OrganigramPressure on sales and margins are likely headwinds for Organigram (Organigram Stock Quote, Chart, News TSX:OGI) over the near term, says ATB Capital Markets analyst David Kideckel, who reviewed the cannabis company’s latest quarter in an update to clients on Monday.

Kideckel maintained his “Sector Perform” rating but dropped his one-year target from $2.30 to $1.90, representing at press time a projected return of seven per cent.

Moncton-based licensed producer Organigram delivered its fiscal fourth quarter 2020 results on Monday for the period ended August 31, 2020. The company generated net revenue of $20.4 million, up 25 per cent year-over-year, and an adjusted EBITDA loss of $2.7 million compared to a loss of $7.2 million a year earlier.

Organigram launched 40 new stock keeping units (SKUs) since July 2020 and expects to debut up to 18 more in its fiscal Q2 2021. Management said they’re encouraged by initial responses to OGI’s new products while being more focused on capturing topline growth and operating with the financial discipline.

As for the outlook, OGI said staff reductions have led to slowdowns in production, cultivation, processing and packaging capacity which contributed to delays in product launches.

“The Company believes this resulted in some meaningful missed revenue opportunities in Q4 Fiscal 2020 and in Q1 Fiscal 2021,” Organigram said in the Q4 press release. “With substantial retail store growth in play, the Company is evaluating its processes and supply chain, including the benefit of gradually scaling up staffing, to help ensure improved order fulfillment rates and in turn, potentially realize greater sales opportunities. Further, as many of the Company’s product launches are recent and some are still to come, the Company believes it will still take time for the new products to reach their full potential and gain market share to drive meaningful sales growth.”

On the quarter, Kideckel called the results mixed, saying the $20.4-million topline was above his $18.6-million estimate but slightly under the consensus $21.0 million, while the $2.7-million adjusted EBITDA loss was larger than his estimated loss of $0.1 million and the Street’s estimated loss of $0.8 million.

The analyst noted that OGI’s 13-per-cent sequential increase in net sales was primarily driven by a 29-per-cent quarter-on-quarter increase in recreational dried flower sales (mainly in the value segment) and about $2.7 million from international and other sales. Kideckel estimates that over the last few months, the company lost market share across the dried flower, vapes and edibles categories and he estimated that Organigram ended the quarter with about $80 million in total available liquidity.
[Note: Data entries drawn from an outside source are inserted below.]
definition proper_interval_graph :: "'a set \<Rightarrow> 'a set set \<Rightarrow> bool" where
  "proper_interval_graph V E \<longleftrightarrow> graph V E \<and>
     (\<exists>I :: 'a \<Rightarrow> real \<times> real.
        (\<forall>v\<in>V. fst (I v) \<le> snd (I v)) \<and>
        (\<forall>u\<in>V. \<forall>v\<in>V. u \<noteq> v \<longrightarrow> ({u, v} \<in> E \<longleftrightarrow> ivl I u \<inter> ivl I v \<noteq> {})) \<and>
        (\<forall>u\<in>V. \<forall>v\<in>V. \<not> (ivl I u \<subset> ivl I v)))"

definition strict_linear_order_on :: "'a set \<Rightarrow> ('a \<Rightarrow> 'a \<Rightarrow> bool) \<Rightarrow> bool" where
  "strict_linear_order_on V lt \<longleftrightarrow>
     (\<forall>u\<in>V. \<not> lt u u) \<and>
     (\<forall>u\<in>V. \<forall>v\<in>V. \<forall>w\<in>V. lt u v \<longrightarrow> lt v w \<longrightarrow> lt u w) \<and>
     (\<forall>u\<in>V. \<forall>v\<in>V. u \<noteq> v \<longrightarrow> lt u v \<or> lt v u)"

definition proper_vertex_ordering :: "'a set \<Rightarrow> 'a set set \<Rightarrow> ('a \<Rightarrow> 'a \<Rightarrow> bool) \<Rightarrow> bool" where
  "proper_vertex_ordering V E lt \<longleftrightarrow> strict_linear_order_on V lt \<and>
     (\<forall>u\<in>V. \<forall>v\<in>V. \<forall>w\<in>V. lt u v \<longrightarrow> lt v w \<longrightarrow> {u, w} \<in> E \<longrightarrow> {u, v} \<in> E \<and> {v, w} \<in> E)"

definition lft :: "('a \<Rightarrow> 'a \<Rightarrow> bool) \<Rightarrow> 'a set \<Rightarrow> 'a" where
  "lft lt e = (THE u. u \<in> e \<and> (\<forall>v\<in>e. v \<noteq> u \<longrightarrow> lt u v))"

definition matching :: "'a set set \<Rightarrow> 'a set set \<Rightarrow> bool" where
  "matching E M \<longleftrightarrow> M \<subseteq> E \<and> (\<forall>e\<in>M. \<forall>f\<in>M. e \<noteq> f \<longrightarrow> e \<inter> f = {})"

definition uniquely_restricted :: "'a set set \<Rightarrow> 'a set set \<Rightarrow> bool" where
  "uniquely_restricted E M \<longleftrightarrow> matching E M \<and>
     (\<forall>M'. matching E M' \<and> \<Union>M' = \<Union>M \<longrightarrow> M' = M)"

end

theory Submission
  imports Defs
begin

text \<open>If
  \<open>{a,b}, {c,d}\<close> with \<open>a < b\<close>, \<open>c < d\<close>, \<open>a < c\<close> is uniquely restricted, then properness forces
  \<open>b < c\<close> and forbids \<open>ac\<close> and \<open>bd\<close> from both being edges, since either situation yields an
  alternating 4-cycle. Hence the edges of \<open>M\<close> are laid out as \<open>a\<^sub>1 < b\<^sub>1 < a\<^sub>2 < b\<^sub>2 < \<dots>\<close>. Another
  matching on the same vertices must, at the first edge \<open>a\<^sub>ib\<^sub>i\<close> of \<open>M\<close> it omits, match \<open>a\<^sub>i\<close>
  and \<open>b\<^sub>i\<close> to vertices of later edges; by properness both \<open>a\<^sub>ia\<^sub>i\<^sub>+\<^sub>1\<close> and \<open>b\<^sub>ib\<^sub>i\<^sub>+\<^sub>1\<close> are then
  edges, contradicting the uniqueness of the pair of \<open>i\<close>-th and \<open>(i+1)\<close>-st edges.\<close>

lemma matching_subset_edges: "matching E M \<Longrightarrow> M \<subseteq> E"
  unfolding matching_def by blast

lemma matching_disjoint: "matching E M \<Longrightarrow> f \<in> M \<Longrightarrow> g \<in> M \<Longrightarrow> f \<noteq> g \<Longrightarrow> f \<inter> g = {}"
  unfolding matching_def by blast

lemma matching_shared_vertex: "matching E M \<Longrightarrow> f \<in> M \<Longrightarrow> g \<in> M \<Longrightarrow> x \<in> f \<Longrightarrow> x \<in> g \<Longrightarrow> f = g"
  using matching_disjoint by blast

lemma matching_subset: "matching E M \<Longrightarrow> N \<subseteq> M \<Longrightarrow> matching E N"
  unfolding matching_def by blast

lemma uniquely_restricted_unique:
  "uniquely_restricted E M \<Longrightarrow> matching E M' \<Longrightarrow> \<Union>M' = \<Union>M \<Longrightarrow> M' = M"
  unfolding uniquely_restricted_def by blast

lemma matching_disjoint_Union:
  assumes "matching E M" "N \<subseteq> M" "g \<in> M - N"
  shows "g \<inter> \<Union>N = {}"
proof -
  have "g \<inter> f = {}" if "f \<in> N" for f using matching_disjoint assms that by blast
  then show ?thesis by blast
qed

lemma matching_superset_same_Union:
  assumes "matching E M'" "{} \<notin> E" "M \<subseteq> M'" "\<Union>M' = \<Union>M"
  shows "M' = M"
proof
  show "M' \<subseteq> M"
  proof
    fix f assume f: "f \<in> M'"
    then have "f \<noteq> {}" using matching_subset_edges assms(1,2) by blast
    then obtain x where "x \<in> f" by blast
    then obtain g where g: "g \<in> M" "x \<in> g" using f assms(4) by blast
    then have "f = g" using matching_shared_vertex[OF assms(1) f _ \<open>x \<in> f\<close>] assms(3) by blast
    then show "f \<in> M" using g by simp
  qed
qed (use assms(3) in simp)

lemma uniquely_restricted_subset:
  assumes UR: "uniquely_restricted E M" and "N \<subseteq> M" "{} \<notin> E"
  shows "uniquely_restricted E N"
  unfolding uniquely_restricted_def
proof (intro conjI allI impI)
  have mM: "matching E M" using UR unfolding uniquely_restricted_def by blast
  then show "matching E N" using \<open>N \<subseteq> M\<close> by (rule matching_subset)
  fix N' assume N': "matching E N' \<and> \<Union>N' = \<Union>N"
  have outside: "g \<inter> \<Union>N = {}" if "g \<in> M - N" for g
    using matching_disjoint_Union mM \<open>N \<subseteq> M\<close> that by blast
  have inside: "f \<subseteq> \<Union>N" if "f \<in> N'" for f using that N' by blast
  have "matching E (N' \<union> (M - N))"
    unfolding matching_def
  proof (intro conjI ballI impI)
    show "N' \<union> (M - N) \<subseteq> E" using N' mM matching_subset_edges by blast
    fix f g assume f: "f \<in> N' \<union> (M - N)" and g: "g \<in> N' \<union> (M - N)" and "f \<noteq> g"
    show "f \<inter> g = {}"
    proof (cases "f \<in> N'"; cases "g \<in> N'")
      assume "f \<in> N'" "g \<in> N'"
      then show ?thesis using N' \<open>f \<noteq> g\<close> matching_disjoint by blast
    next
      assume "f \<in> N'" "g \<notin> N'"
      then show ?thesis using inside[of f] outside[of g] g by blast
    next
      assume "f \<notin> N'" "g \<in> N'"
      then show ?thesis using inside[of g] outside[of f] f by blast
    next
      assume "f \<notin> N'" "g \<notin> N'"
      then show ?thesis using mM f g \<open>f \<noteq> g\<close> matching_disjoint by blast
    qed
  qed
  moreover have "\<Union>(N' \<union> (M - N)) = \<Union>M" using N' \<open>N \<subseteq> M\<close> by blast
  ultimately have replaced: "N' \<union> (M - N) = M" by (rule uniquely_restricted_unique[OF UR])
  have "N' \<subseteq> N"
  proof
    fix f assume f: "f \<in> N'"
    then have "f \<in> E" using N' matching_subset_edges by blast
    then have "f \<noteq> {}" using \<open>{} \<notin> E\<close> by blast
    moreover have "f \<notin> M - N" using outside[of f] inside[OF f] \<open>f \<noteq> {}\<close> by (metis Int_absorb2)
    ultimately show "f \<in> N" using f replaced by blast
  qed
  moreover have "N \<subseteq> N'" using replaced \<open>N \<subseteq> M\<close> by blast
  ultimately show "N' = N" by blast
qed

lemma alternating_cycle_not_uniquely_restricted:
  assumes "{x, z} \<in> E" "{y, w} \<in> E" "distinct [x, y, z, w]"
  shows "\<not> uniquely_restricted E {{x, y}, {z, w}}"
proof
  assume UR: "uniquely_restricted E {{x, y}, {z, w}}"
  have "matching E {{x, z}, {y, w}}"
    using assms unfolding matching_def by auto
  moreover have "\<Union>{{x, z}, {y, w}} = \<Union>{{x, y}, {z, w}}" by auto
  ultimately have "{{x, z}, {y, w}} = {{x, y}, {z, w}}"
    by (rule uniquely_restricted_unique[OF UR])
  then have "{x, z} = {x, y} \<or> {x, z} = {z, w}" by (metis insertI1 insertE empty_iff)
  then show False using assms(3) by (simp add: doubleton_eq_iff)
qed

locale proper_ordered_graph =
  fixes V :: "'a set" and E :: "'a set set" and lt :: "'a \<Rightarrow> 'a \<Rightarrow> bool"
  assumes graph: "graph V E"
    and ordering: "proper_vertex_ordering V E lt"
begin

lemma lt_irrefl: "u \<in> V \<Longrightarrow> \<not> lt u u"
  using ordering unfolding proper_vertex_ordering_def strict_linear_order_on_def by blast

lemma lt_trans: "u \<in> V \<Longrightarrow> v \<in> V \<Longrightarrow> w \<in> V \<Longrightarrow> lt u v \<Longrightarrow> lt v w \<Longrightarrow> lt u w"
  using ordering unfolding proper_vertex_ordering_def strict_linear_order_on_def by blast

lemma lt_total: "u \<in> V \<Longrightarrow> v \<in> V \<Longrightarrow> u \<noteq> v \<Longrightarrow> lt u v \<or> lt v u"
  using ordering unfolding proper_vertex_ordering_def strict_linear_order_on_def by blast

lemma lt_imp_neq: "u \<in> V \<Longrightarrow> lt u v \<Longrightarrow> u \<noteq> v"
  using lt_irrefl by blast

lemma edge_shorten_right:
  "u \<in> V \<Longrightarrow> v \<in> V \<Longrightarrow> w \<in> V \<Longrightarrow> lt u v \<Longrightarrow> v = w \<or> lt v w \<Longrightarrow> {u, w} \<in> E \<Longrightarrow> {u, v} \<in> E"
  using ordering unfolding proper_vertex_ordering_def by blast

lemma edge_shorten_left:
  "u \<in> V \<Longrightarrow> v \<in> V \<Longrightarrow> w \<in> V \<Longrightarrow> lt u v \<Longrightarrow> lt v w \<Longrightarrow> {u, w} \<in> E \<Longrightarrow> {v, w} \<in> E"
  using ordering unfolding proper_vertex_ordering_def by blast

lemma empty_not_edge: "{} \<notin> E"
  using graph unfolding graph_def by blast

lemma edge_decomp:
  assumes "f \<in> E"
  obtains u v where "f = {u, v}" "u \<in> V" "v \<in> V" "lt u v"
proof -
  obtain u v where "u \<noteq> v" "u \<in> V" "v \<in> V" "f = {u, v}"
    using graph assms unfolding graph_def by blast
  then show thesis using that lt_total by (metis insert_commute)
qed

lemma edge_other_end:
  assumes "f \<in> E" "x \<in> f"
  obtains w where "f = {x, w}" "w \<in> V" "w \<noteq> x"
proof -
  obtain u v where uv: "f = {u, v}" "u \<in> V" "v \<in> V" "lt u v" using edge_decomp assms(1) .
  then have "u \<noteq> v" using lt_imp_neq by blast
  then show thesis using that uv assms(2) by (metis insert_commute insertE singletonD)
qed
lemma stochastic_mat_mult:
  assumes A: "stochastic n A" and B: "stochastic n B"
  shows "stochastic n (mat_mult n A B)"
  unfolding stochastic_def
proof (intro conjI allI impI)
  fix i j assume "i < n" "j < n"
  then show "0 \<le> mat_mult n A B i j"
    using A B unfolding stochastic_def mat_mult_def by (auto intro!: sum_nonneg)
next
  fix i assume i: "i < n"
  have "(\<Sum>j<n. mat_mult n A B i j) = (\<Sum>l<n. A i l * (\<Sum>j<n. B l j))"
    unfolding mat_mult_def by (subst sum.swap) (simp add: sum_distrib_left)
  also have "\<dots> = 1" using A B i unfolding stochastic_def by simp
  finally show "(\<Sum>j<n. mat_mult n A B i j) = 1" .
qed

lemma stochastic_mat_pow:
  assumes "stochastic n A"
  shows "stochastic n (mat_pow n A k)"
proof (induction k)
  case 0
  show ?case by (simp add: stochastic_def sum.delta)
next
  case (Suc k)
  then show ?case using assms by (simp add: stochastic_mat_mult)
qed

lemma mat_pow_1: "i < n \<Longrightarrow> mat_pow n A 1 i j = A i j"
  by (simp add: mat_mult_def sum_delta_mult)

lemma norm1_cong:
  assumes "\<And>i j. i < n \<Longrightarrow> j < n \<Longrightarrow> A i j = B i j"
  shows "norm1 n A = norm1 n B"
  unfolding norm1_def using assms by (intro arg_cong[where f = Max] image_cong sum.cong) auto

lemma traj_add: "traj n A x (k + m) = traj n A (traj n A x k) m"
  by (induction m) auto

lemma traj_Suc_start: "traj n A x (Suc k) = traj n A (\<lambda>i. \<Sum>j<n. A i j * x j) k"
  by (induction k) auto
Kideckel said near-term results may continue to be impacted by lower capacity use, selling prices and production inefficiencies in its new derivative production.

“Over time, we believe sales and margin pressures will dissipate as the Company drives growth through expanded production and distribution of new SKUs. In our view, increased sales will support enhanced production and manufacturing efficiencies for OGI. We also expect that continued overall industry growth (cannabis retail sales in September 2020 grew 5.2 per cent m/m) will provide a tailwind for OGI’s net sales growth,” Kideckel said.

“We believe OGI may continue to face sales and margin pressure over the near-term due to the following factors: (1) lower capacity utilization due to the Company’s reduced growing activity to match lower- than-anticipated demand in the Canadian market; (2) lower average selling prices due to increased competition and product oversupply in the Canadian cannabis market, as well as a higher mix of value brands; and (3) early production inefficiencies for cannabis derivatives as the Company ramps production, with the completion of the Phase 5 expansion and refurbishment of its Moncton facility,” Kideckel wrote.

Looking ahead, the analyst is calling for Organigram to hit fiscal 2021 revenue and adjusted EBITDA of $107.2 million and negative $9.9 million, respectively, and 2022 revenue and adjusted EBITDA of $149.8 million and $9.9 million, respectively.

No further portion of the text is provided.